I now proceed a step further, and rise a step higher, Mr. President, in unveiling the designs and developing the conduct of our administration in this hot and secret pursuit after Texas. It is my business now to show that war with Mexico is a design and an object with it from the beginning, and that the treaty-making power was to be used for that purpose. I know the responsibility of a senator—I mean his responsibility to the moral sense of his country and the world—in attributing so grave a culpability to this administration. I know the whole extent of this responsibility, and shall therefore be careful to proceed upon safe and solid ground. I shall say nothing but upon proof—upon the proof furnished by the President himself—and ask for my opinions no credence beyond the strict letter of these proofs. For this purpose I have recourse to the messages and correspondence which the President has sent us, and begin with the message of the 22d of April—the one which communicated the treaty to the Senate. That message, after a strange and ominous declaration that no sinister means have been used—no intrigue set on foot—to procure the consent of Texas to the annexation, goes on to show exactly the contrary, and to betray the President's design to protect Texas by receiving her into our Union and adopting her war with Mexico.
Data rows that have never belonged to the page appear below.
(* running a policy: m remaining stages, starting at stage h in state x *)
primrec gen :: "mdp \<Rightarrow> policy \<Rightarrow> nat \<Rightarrow> nat \<Rightarrow> nat \<Rightarrow> traj pmf" where
  "gen \<mu> \<pi> h 0 x = return_pmf []"
| "gen \<mu> \<pi> h (Suc m) x =
     bind_pmf (rew \<mu> x (\<pi> x h) h) (\<lambda>r.
     bind_pmf (trans \<mu> x (\<pi> x h) h) (\<lambda>y.
     map_pmf (\<lambda>rest. (x, \<pi> x h, Some r) # rest) (gen \<mu> \<pi> (Suc h) m y)))"

definition run :: "nat \<Rightarrow> mdp \<Rightarrow> policy \<Rightarrow> traj pmf" where
  "run H \<mu> \<pi> = bind_pmf (init \<mu>) (gen \<mu> \<pi> 0 H)"

primrec vtogo :: "mdp \<Rightarrow> policy \<Rightarrow> nat \<Rightarrow> nat \<Rightarrow> nat \<Rightarrow> real" where
  "vtogo \<mu> \<pi> h 0 x = 0"
| "vtogo \<mu> \<pi> h (Suc m) x =
     mean_rew \<mu> x (\<pi> x h) h
     + measure_pmf.expectation (trans \<mu> x (\<pi> x h) h) (vtogo \<mu> \<pi> (Suc h) m)"

definition mdp_value :: "nat \<Rightarrow> policy \<Rightarrow> mdp \<Rightarrow> real" where
  "mdp_value H \<pi> \<mu> = measure_pmf.expectation (init \<mu>) (vtogo \<mu> \<pi> 0 H)"

definition censor :: "(nat \<times> nat \<times> nat) set \<Rightarrow> traj \<Rightarrow> traj" where
  "censor U \<tau> = map (\<lambda>(h, x, a, r). (x, a, if (x, a, h) \<in> U then None else r))
                     (zip [0..<length \<tau>] \<tau>)"

definition visits :: "nat \<times> nat \<times> nat \<Rightarrow> traj \<Rightarrow> bool" where
  "visits t \<tau> = (case t of (x, a, h) \<Rightarrow>
      h < length \<tau> \<and> fst (\<tau> ! h) = x \<and> fst (snd (\<tau> ! h)) = a)"

definition underexplored :: "nat \<Rightarrow> nat \<Rightarrow> nat \<Rightarrow> nat \<Rightarrow> entries \<Rightarrow> (nat \<times> nat \<times> nat) set" where
  "underexplored S A H nlrn es =
     {t \<in> triples S A H. length (filter (\<lambda>(\<pi>, \<tau>). visits t \<tau>) es) < nlrn}"

definition cens_ledger :: "nat \<Rightarrow> nat \<Rightarrow> nat \<Rightarrow> entries \<Rightarrow> ledger" where
  "cens_ledger S A H es =
     (triples S A H, map (\<lambda>(\<pi>, \<tau>). (\<pi>, censor (triples S A H) \<tau>)) es)"

definition hon_ledger :: "nat \<Rightarrow> nat \<Rightarrow> nat \<Rightarrow> nat \<Rightarrow> entries \<Rightarrow> ledger" where
  "hon_ledger S A H nlrn es =
     (let U = underexplored S A H nlrn es
      in (U, map (\<lambda>(\<pi>, \<tau>). (\<pi>, censor U \<tau>)) es))"

fun hal_traj :: "mdp \<Rightarrow> (nat \<times> nat \<times> nat) set \<Rightarrow> nat \<Rightarrow> traj \<Rightarrow> traj pmf" where
  "hal_traj \<mu> U h [] = return_pmf []"
| "hal_traj \<mu> U h ((x, a, r) # \<tau>) =
     (if (x, a, h) \<in> U
      then map_pmf (\<lambda>rest. (x, a, None) # rest) (hal_traj \<mu> U (Suc h) \<tau>)
      else bind_pmf (rew \<mu> x a h) (\<lambda>r'.
             map_pmf (\<lambda>rest. (x, a, Some r') # rest) (hal_traj \<mu> U (Suc h) \<tau>)))"

primrec hal_entries :: "mdp \<Rightarrow> (nat \<times> nat \<times> nat) set \<Rightarrow> entries \<Rightarrow> entries pmf" where
  "hal_entries \<mu> U [] = return_pmf []"
| "hal_entries \<mu> U (e # es) =
     bind_pmf (hal_traj \<mu> U 0 (snd e)) (\<lambda>\<tau>'.
     map_pmf (\<lambda>rest. (fst e, \<tau>') # rest) (hal_entries \<mu> U es))"

definition hal_ledger :: "mdp \<Rightarrow> (nat \<times> nat \<times> nat) set \<Rightarrow> entries \<Rightarrow> ledger pmf" where
  "hal_ledger \<mu> U es = map_pmf (\<lambda>es'. (U, es')) (hal_entries \<mu> U es)"

definition Epun :: "nat \<Rightarrow> nat \<Rightarrow> nat \<Rightarrow> real \<Rightarrow> (nat \<times> nat \<times> nat) set \<Rightarrow> mdp set" where
  "Epun S A H eps U = {\<mu>. \<forall>(x, a, h) \<in> triples S A H - U. mean_rew \<mu> x a h \<le> eps}"

(* Law of lambda_hal given the realized censored ledger c = lambda_cens.
   ch mu is the law (given mu_star = mu) of the recorded hallucination-episode history
   of the previous phases.  mu_hal is drawn from the (true Bayesian) posterior of mu_star
   given lambda_cens = c and E_pun, then the rewards are drawn from R_{mu_hal};
   mu_hal is integrated out. *)
definition hal_kernel ::
  "mdp measure \<Rightarrow> nat \<Rightarrow> nat \<Rightarrow> nat \<Rightarrow> nat \<Rightarrow> real \<Rightarrow> (mdp \<Rightarrow> entries pmf) \<Rightarrow> ledger \<Rightarrow> ledger pmf" where
  "hal_kernel P S A H nlrn eps ch c =
     (let U = underexplored S A H nlrn (snd c);
          E = Epun S A H eps U;
          w = (\<lambda>\<mu>. pmf (map_pmf (cens_ledger S A H) (ch \<mu>)) c);
          ZE = (\<integral>\<mu>. indicator E \<mu> * w \<mu> \<partial>P);
          Z = (\<integral>\<mu>. w \<mu> \<partial>P)
      in if 0 < ZE then
           embed_pmf (\<lambda>l. (\<integral>\<mu>. indicator E \<mu> * w \<mu> * pmf (hal_ledger \<mu> U (snd c)) l \<partial>P) / ZE)
         else if 0 < Z then
           embed_pmf (\<lambda>l. (\<integral>\<mu>. w \<mu> * pmf (hal_ledger \<mu> U (snd c)) l \<partial>P) / Z)
         else return_pmf c)"

(* law of the signal sigma_k of an episode k of phase l given mu_star = mu:
   lambda_hal with probability 1/N_ph (k = k_l), lambda_hon otherwise *)
definition signal ::
  "mdp measure \<Rightarrow> nat \<Rightarrow> nat \<Rightarrow> nat \<Rightarrow> nat \<Rightarrow> nat \<Rightarrow> real \<Rightarrow> (mdp \<Rightarrow> entries pmf) \<Rightarrow> mdp \<Rightarrow> ledger pmf" where
  "signal P S A H Nph nlrn eps ch \<mu> =
     bind_pmf (bernoulli_pmf (1 / real Nph)) (\<lambda>b.
       if b then bind_pmf (ch \<mu>) (\<lambda>es. hal_kernel P S A H nlrn eps ch (cens_ledger S A H es))
       else map_pmf (hon_ledger S A H nlrn) (ch \<mu>))"

definition post_value ::
  "mdp measure \<Rightarrow> nat \<Rightarrow> nat \<Rightarrow> nat \<Rightarrow> nat \<Rightarrow> nat \<Rightarrow> real \<Rightarrow> (mdp \<Rightarrow> entries pmf) \<Rightarrow> policy \<Rightarrow> ledger \<Rightarrow> real" where
  "post_value P S A H Nph nlrn eps ch \<pi> s =
     (\<integral>\<mu>. mdp_value H \<pi> \<mu> * pmf (signal P S A H Nph nlrn eps ch \<mu>) s \<partial>P)
     / (\<integral>\<mu>. pmf (signal P S A H Nph nlrn eps ch \<mu>) s \<partial>P)"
I proceed to another piece of evidence to the same effect—namely, the letter of the present Secretary of State to Mr. Benjamin Green, our chargé at Mexico, under date of the 19th of April past. The letter has been already referred to, and will be only read now in the sentence which declares that the treaty has been made in the full view of war! for that alone can be the meaning of this sentence:
"It has taken the step (to wit, the step of making the treaty) in full view of all possible consequences, but not without a desire and a hope that a full and fair disclosure of the causes which induced it to do so, would prevent the disturbance of the harmony subsisting between the two countries, which the United States is anxious to preserve."